> **TASK DIRECTIONS**
Among the entries below, extract exactly the lines that run from the one with "n * ((gen_poly" through the one with "n = word_poly", both ends included.

> **RECORDS FOR PROCESSING**
(* Let $n\mid(q-1)$, let $\delta\ge2$, $b\ge1$, $s\ge1$, $m\ge1$ be integers with $\gcd(b,n)=1$, and let $t\in\{0,1,\dots,n-1\}$. Let $i_1<i_2<\dots<i_s$ be integers with $m-1+\delta\le i_1$, $i_s\le n-\delta$ and $i_{\ell+1}-i_\ell\ge\delta$ for $\ell=1,\dots,s-1$. Put $$A=\{\alpha^{t},\alpha^{t+b},\dots,\alpha^{t+(m-1)b},\alpha^{t+i_1b},\alpha^{t+i_2b},\dots,\alpha^{t+i_sb}\},\qquad B=\{1,\alpha^{b},\alpha^{2b},\dots,\alpha^{(\delta-2)b}\}.$$ Let $d_A^{\perp}$ be the minimum distance of the dual of $C_A$. Then $C_{AB}$ is a cyclic $(d_A^{\perp}-\delta+1,\delta)$-LRC of length $n$ over $\mathbb{F}_q$ with dimension $k=n-m+1-(s+1)(\delta-1)$. Moreover, if $\lceil k/r\rceil=s+1$ where $r=d_A^{\perp}-\delta+1$, then $C_{AB}$ is an optimal $(r,\delta)$-LRC with minimum distance $m+\delta-1$.
   Context: Let $q$ be a prime power and $n\mid(q-1)$, so the set $R_n$ of all $n$-th roots of unity lies in $\mathbb{F}_q$; let $\alpha\in\mathbb{F}_q$ be a primitive $n$-th root of unity. For $A,B\subseteq R_n$, $AB=\{\beta\gamma:\beta\in A,\gamma\in B\}$, and for $Z\subseteq R_n$, $C_Z$ denotes the cyclic code of length $n$ over $\mathbb{F}_q$ with complete defining set $Z$, i.e. the ideal generated by $\prod_{\beta\in Z}(x-\beta)$ in $\mathbb{F}_q[x]/(x^n-1)$, identified with a subspace of $\mathbb{F}_q^n$; it has dimension $n-|Z|$. Locality: for a linear code $C\subseteq\mathbb{F}_q^n$ and integers $r\ge1$, $\delta\ge2$, the $i$-th coordinate has $(r,\delta)$-locality if there is $S_i\subseteq\{1,\dots,n\}$ with $i\in S_i$, $|S_i|\le r+\delta-1$ such that the punctured code $C|_{S_i}$ has minimum distance at least $\delta$; $C$ is an $(r,\delta)$-LRC if every coordinate has $(r,\delta)$-locality. An $[n,k,d]$ $(r,\delta)$-LRC is optimal if $d=n-k-(\lceil k/r\rceil-1)(\delta-1)+1$ (this quantity is always an upper bound on $d$). *)

theory Defs
  imports Complex_Main "HOL-Computational_Algebra.Polynomial" "HOL-Library.Function_Algebras"
begin

(* Words of length n over 'a are functions nat => 'a vanishing outside {0..<n};
   coordinates are indexed 0..n-1. *)

definition word_poly :: "nat \<Rightarrow> (nat \<Rightarrow> 'a::field) \<Rightarrow> 'a poly" where
  "word_poly n c = (\<Sum>i<n. monom (c i) i)"

definition xn1 :: "nat \<Rightarrow> 'a::field poly" where
  "xn1 n = monom 1 n - 1"

(* cyclic code with complete defining set Z: the ideal generated by prod_{beta in Z} (x - beta)
   in F[x]/(x^n - 1), identified with coefficient vectors of the reduced representatives *)
definition cyclic_code :: "nat \<Rightarrow> 'a::field set \<Rightarrow> (nat \<Rightarrow> 'a) set" where
  "cyclic_code n Z = {c. (\<forall>i\<ge>n. c i = 0) \<and>
      (\<exists>f. word_poly n c = ((\<Prod>\<beta>\<in>Z. [:-\<beta>, 1:]) * f) mod xn1 n)}"

definition dual_code :: "nat \<Rightarrow> (nat \<Rightarrow> 'a::field) set \<Rightarrow> (nat \<Rightarrow> 'a) set" where
  "dual_code n C = {y. (\<forall>i\<ge>n. y i = 0) \<and> (\<forall>c\<in>C. (\<Sum>i<n. c i * y i) = 0)}"

definition wt :: "nat set \<Rightarrow> (nat \<Rightarrow> 'a::zero) \<Rightarrow> nat" where
  "wt I c = card {i\<in>I. c i \<noteq> 0}"

definition min_dist :: "nat set \<Rightarrow> (nat \<Rightarrow> 'a::zero) set \<Rightarrow> nat" where
  "min_dist I C = Inf {wt I c | c. c \<in> C \<and> wt I c \<noteq> 0}"

definition puncture :: "nat set \<Rightarrow> (nat \<Rightarrow> 'a::zero) set \<Rightarrow> (nat \<Rightarrow> 'a) set" where
  "puncture S C = (\<lambda>c i. if i \<in> S then c i else 0) ` C"

definition has_locality :: "nat \<Rightarrow> (nat \<Rightarrow> 'a::zero) set \<Rightarrow> nat \<Rightarrow> nat \<Rightarrow> nat \<Rightarrow> bool" where
  "has_locality n C r \<delta> i \<longleftrightarrow> (\<exists>S. S \<subseteq> {..<n} \<and> i \<in> S \<and> card S \<le> r + \<delta> - 1 \<and>
      min_dist S (puncture S C) \<ge> \<delta>)"

definition is_LRC :: "nat \<Rightarrow> (nat \<Rightarrow> 'a::zero) set \<Rightarrow> nat \<Rightarrow> nat \<Rightarrow> bool" where
  "is_LRC n C r \<delta> \<longleftrightarrow> r \<ge> 1 \<and> \<delta> \<ge> 2 \<and> (\<forall>i<n. has_locality n C r \<delta> i)"

definition code_dim :: "(nat \<Rightarrow> 'a::field) set \<Rightarrow> nat" where
  "code_dim C = vector_space.dim (\<lambda>a v i. a * v i) C"

definition is_optimal_LRC :: "nat \<Rightarrow> (nat \<Rightarrow> 'a::field) set \<Rightarrow> nat \<Rightarrow> nat \<Rightarrow> bool" where
  "is_optimal_LRC n C r \<delta> \<longleftrightarrow> is_LRC n C r \<delta> \<and>
     int (min_dist {..<n} C) = int n - int (code_dim C)
        - (\<lceil>real (code_dim C) / real r\<rceil> - 1) * (int \<delta> - 1) + 1"

definition set_prod :: "'a::times set \<Rightarrow> 'a set \<Rightarrow> 'a set" where
  "set_prod A B = {x * y | x y. x \<in> A \<and> y \<in> B}"

end

theory Submission
  imports Defs
begin

text \<open>The defining set of \<open>C_AB\<close> is \<open>{\<alpha>^(t + e b)}\<close> with \<open>e\<close> ranging over
  \<open>E = {0, \<dots>, m + \<delta> - 3} \<union> {i_l + c | 1 \<le> l \<le> s, 0 \<le> c \<le> \<delta> - 2}\<close>, a disjoint union of
  size \<open>m + \<delta> - 2 + s (\<delta> - 1)\<close>; this gives the dimension, and the initial run of
  \<open>m + \<delta> - 2\<close> consecutive exponents gives minimum distance at least \<open>m + \<delta> - 1\<close> by the BCH bound.
  For locality, \<open>\<beta> \<omega>^j \<in> AB\<close> for all \<open>\<beta> \<in> A\<close> and \<open>j < \<delta> - 1\<close> (\<open>\<omega> = \<alpha>^b\<close>), so for a dual
  codeword \<open>y\<close> of \<open>C_A\<close> and \<open>x \<in> C_AB\<close> the products \<open>x_i y_i\<close> have \<open>\<delta> - 1\<close> vanishing power
  sums in the distinct points \<open>\<omega>^i\<close>: on the support of \<open>y\<close>, \<open>x\<close> is zero or has weight at least \<open>\<delta>\<close>.
  Rotations of a minimum-weight dual codeword, whose weight \<open>d\<^sup>\<bottom>\<close> is at least \<open>\<delta>\<close> by the BCH bound
  again, therefore provide repair groups of size \<open>r + \<delta> - 1\<close> for every coordinate. Finally, if
  \<open>\<lceil>k / r\<rceil> = s + 1\<close>, the greedy shortening argument behind the Singleton-type bound for LRCs produces
  a nonzero codeword of weight at most \<open>m + \<delta> - 1\<close>, so that bound is attained.\<close>

section \<open>Cyclic codes as evaluation codes\<close>

definition words :: "nat \<Rightarrow> (nat \<Rightarrow> 'a::zero) set" where
  "words n = {c. \<forall>i\<ge>n. c i = 0}"

definition word_eval :: "nat \<Rightarrow> (nat \<Rightarrow> 'a::field) \<Rightarrow> 'a \<Rightarrow> 'a" where
  "word_eval n c z = (\<Sum>i<n. c i * z ^ i)"

definition gen_poly :: "'a::field set \<Rightarrow> 'a poly" where
  "gen_poly Z = (\<Prod>\<beta>\<in>Z. [:-\<beta>, 1:])"

lemma coeff_word_poly: "coeff (word_poly n c) k = (if k < n then c k else 0)"
  unfolding word_poly_def by (simp add: coeff_sum)

lemma poly_word_poly: "poly (word_poly n c) z = word_eval n c z"
  unfolding word_poly_def word_eval_def by (simp add: poly_sum poly_monom)

lemma degree_word_poly_less: "n > 0 \<Longrightarrow> degree (word_poly n c) < n"
  using degree_le[of "n - 1" "word_poly n c"] by (force simp: coeff_word_poly)

lemma word_poly_coeff:
  assumes "degree p < n"
  shows "word_poly n (coeff p) = p"
  using assms by (intro poly_eqI) (auto simp: coeff_word_poly coeff_eq_0)

lemma degree_xn1: "n > 0 \<Longrightarrow> degree (xn1 n :: 'a::field poly) = n"
proof -
  assume "n > 0"
  have "xn1 n = monom (1::'a) n + (- 1)"
    by (simp add: xn1_def)
  also have "degree \<dots> = n"
    using \<open>n > 0\<close> by (subst degree_add_eq_left) (auto simp: degree_monom_eq)
  finally show ?thesis .
qed

lemma poly_gen_poly_eq_0: "finite Z \<Longrightarrow> poly (gen_poly Z) z = 0 \<longleftrightarrow> z \<in> Z"
  by (auto simp: gen_poly_def poly_prod)

lemma degree_gen_poly: "finite Z \<Longrightarrow> degree (gen_poly Z) = card Z"
  unfolding gen_poly_def by (subst degree_prod_sum_eq) auto

lemma gen_poly_nonzero: "gen_poly Z \<noteq> 0"
  unfolding gen_poly_def by (cases "finite Z") auto

lemma gen_poly_dvd:
  assumes "finite Z" "\<forall>z\<in>Z. poly p z = 0"
  shows "gen_poly Z dvd p"
  using assms
proof (induction Z rule: finite_induct)
  case empty
  then show ?case by (simp add: gen_poly_def)
next
  case (insert x F)
  then obtain q where q: "p = gen_poly F * q"
    by (auto elim: dvdE)
  have "poly q x = 0"
    using insert q by (auto simp: poly_gen_poly_eq_0)
  then obtain q' where "q = [:-x, 1:] * q'"
    by (auto simp: poly_eq_0_iff_dvd elim: dvdE)
  moreover have "gen_poly (insert x F) = [:-x, 1:] * gen_poly F"
    using insert(1,2) by (simp add: gen_poly_def)
  ultimately have "p = gen_poly (insert x F) * q'"
    using q by (simp only: mult_ac)
  then show ?case ..
qed

lemma cyclic_code_iff:
  fixes Z :: "'a::{field,finite} set"
  assumes "n > 0" and "\<forall>z\<in>Z. z ^ n = 1"
  shows "c \<in> cyclic_code n Z \<longleftrightarrow> c \<in> words n \<and> (\<forall>z\<in>Z. word_eval n c z = 0)"
proof
  assume "c \<in> cyclic_code n Z"
  then obtain f where c: "c \<in> words n" "word_poly n c = (gen_poly Z * f) mod xn1 n"
    by (auto simp: cyclic_code_def words_def gen_poly_def)
  then have "word_poly n c = gen_poly Z * f - xn1 n * ((gen_poly Z * f) div xn1 n)"
    by (simp add: minus_div_mult_eq_mod[symmetric] mult_ac)
  then show "c \<in> words n \<and> (\<forall>z\<in>Z. word_eval n c z = 0)"
    using c(1) assms(2)
    by (auto simp: poly_word_poly[symmetric] poly_gen_poly_eq_0 xn1_def poly_monom)
next
  assume c: "c \<in> words n \<and> (\<forall>z\<in>Z. word_eval n c z = 0)"
  then obtain f where f: "word_poly n c = gen_poly Z * f"
    using gen_poly_dvd[of Z "word_poly n c"] by (auto simp: poly_word_poly elim: dvdE)
  have "word_poly n c mod xn1 n = word_poly n c"
    using assms(1) by (intro mod_poly_less) (simp add: degree_xn1 degree_word_poly_less)
  with f have "word_poly n c = (gen_poly Z * f) mod xn1 n"
    by simp
  then show "c \<in> cyclic_code n Z"
    using c unfolding cyclic_code_def words_def gen_poly_def by blast
qed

> **REPLY TO THE TASK**
  then have "word_poly n c = gen_poly Z * f - xn1 n * ((gen_poly Z * f) div xn1 n)"
    by (simp add: minus_div_mult_eq_mod[symmetric] mult_ac)
  then show "c \<in> words n \<and> (\<forall>z\<in>Z. word_eval n c z = 0)"
    using c(1) assms(2)
    by (auto simp: poly_word_poly[symmetric] poly_gen_poly_eq_0 xn1_def poly_monom)
next
  assume c: "c \<in> words n \<and> (\<forall>z\<in>Z. word_eval n c z = 0)"
  then obtain f where f: "word_poly n c = gen_poly Z * f"
    using gen_poly_dvd[of Z "word_poly n c"] by (auto simp: poly_word_poly elim: dvdE)
  have "word_poly n c mod xn1 n = word_poly n c"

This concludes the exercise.